In the midst of this we hear the plaintive calls for us to reach back to a more civil form of public discourse. This comes from those who in the past chose not to rock any boats but fought quiet battles in back halls of power.

I don’t think it is possible for us to fit the pieces back together. To rebuild faith in institutions, political parties, churches, the media, or any other organs of society. We can’t do this because we don’t care about reforming institutions as a means to moderate us as much as we care about winning or being right.

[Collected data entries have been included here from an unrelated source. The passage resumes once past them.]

(* For every integer $d>1$ there exist a rational function $r$ of degree $d$ and $2d-2$ distinct points $c_1,\dots,c_{2d-2}\in\mathbb C$ such that $r'(c_j)=0$ and $r(c_j)=\overline{c_j}$ for all $j$. *)

theory Defs
  imports "HOL-Analysis.Analysis" "HOL-Computational_Algebra.Polynomial"
begin

text \<open>A complex rational function is represented by a pair of polynomials p, q
  in lowest terms (coprime, q nonzero); its degree is max (deg p) (deg q),
  and as a function it is z maps to p(z)/q(z) (defined where q(z) is nonzero).\<close>

definition is_rational_fun_of_degree :: "complex poly \<Rightarrow> complex poly \<Rightarrow> nat \<Rightarrow> bool" where
  "is_rational_fun_of_degree p q d \<longleftrightarrow> q \<noteq> 0 \<and> coprime p q \<and> max (degree p) (degree q) = d"

definition rat_eval :: "complex poly \<Rightarrow> complex poly \<Rightarrow> complex \<Rightarrow> complex" where
  "rat_eval p q z = poly p z / poly q z"

end

theory Submission
  imports Defs "HOL-Computational_Algebra.Fundamental_Theorem_Algebra"
begin

text \<open>For d = n + 1 \<ge> 4 take r(z) = (E z^n + 1) / (z^(n+1) + E z) with E > 0. At a point c with
  c^n = w > 0 the conditions r'(c) = 0 and r(c) = cnj c become two real equations in E, w and
  |c|, both invariant under |c| \<mapsto> 1/|c|. Solving the second one for E as a function of t = |c| and
  applying the intermediate value theorem to the first on [1/4, 1] yields some t < 1; then the
  n-th roots of t^n and of t^(-n) are 2n = 2d - 2 distinct solutions. For n = 2 the two circles
  would coincide, so d = 2 and d = 3 are settled by explicit examples.\<close>

lemma coprime_if_no_common_root:
  fixes p q :: "'a::alg_closed_field poly"
  assumes no_common: "\<And>x. poly p x = 0 \<Longrightarrow> poly q x \<noteq> 0"
  shows "coprime p q"
proof (rule coprimeI)
  fix g assume "g dvd p" "g dvd q"
  then have common: "poly p x = 0 \<and> poly q x = 0" if "poly g x = 0" for x
    using that by (auto elim!: dvdE)
  have "g \<noteq> 0"
    using common no_common by fastforce
  moreover have "degree g = 0"
    using common no_common alg_closed_imp_poly_has_root[of g] by (metis gr0I)
  ultimately show "is_unit g"
    by (simp add: is_unit_iff_degree)
qed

We care more about making sure we get our piece of a tax cut. The result is we will not stand up for the poor or elderly than we will act for the addict or the mentally ill or those who feel the sting of prejudice. These may be a cause to add your voice to while in the moment, but to act to change these pandemics in any meaningful way? No. We don’t want to pay that tax or risk the wrath of corporations removing jobs to pay for the mechanisms of well-being.

So the middle class shrinks rather than stand up for itself and instead we complain about property taxes or how much teachers get paid. The middle class is self-involved and self-serving with the result that it dismantlements itself while the 1% cheers. We do this to ourselves using governments we elect.

I have a bleak view of things, and I understand that it is difficult to hear or consider. But you have to admit where you are before you can make any change and “innovation” or “ efficiency” or “going back to the good old days” will not save us. We must honestly see the enormity of our dysfunction before any change can be made and then, even if we do, it’s unlikely we have the will to do anything to change it.

We are, each one of us, shattered on the aspirations of our egos. We demand and demand and demand but only for ourselves and not for others who need our voices added to theirs. The end of the middle class will not come with a bang, but as Elliot said, with a whimper.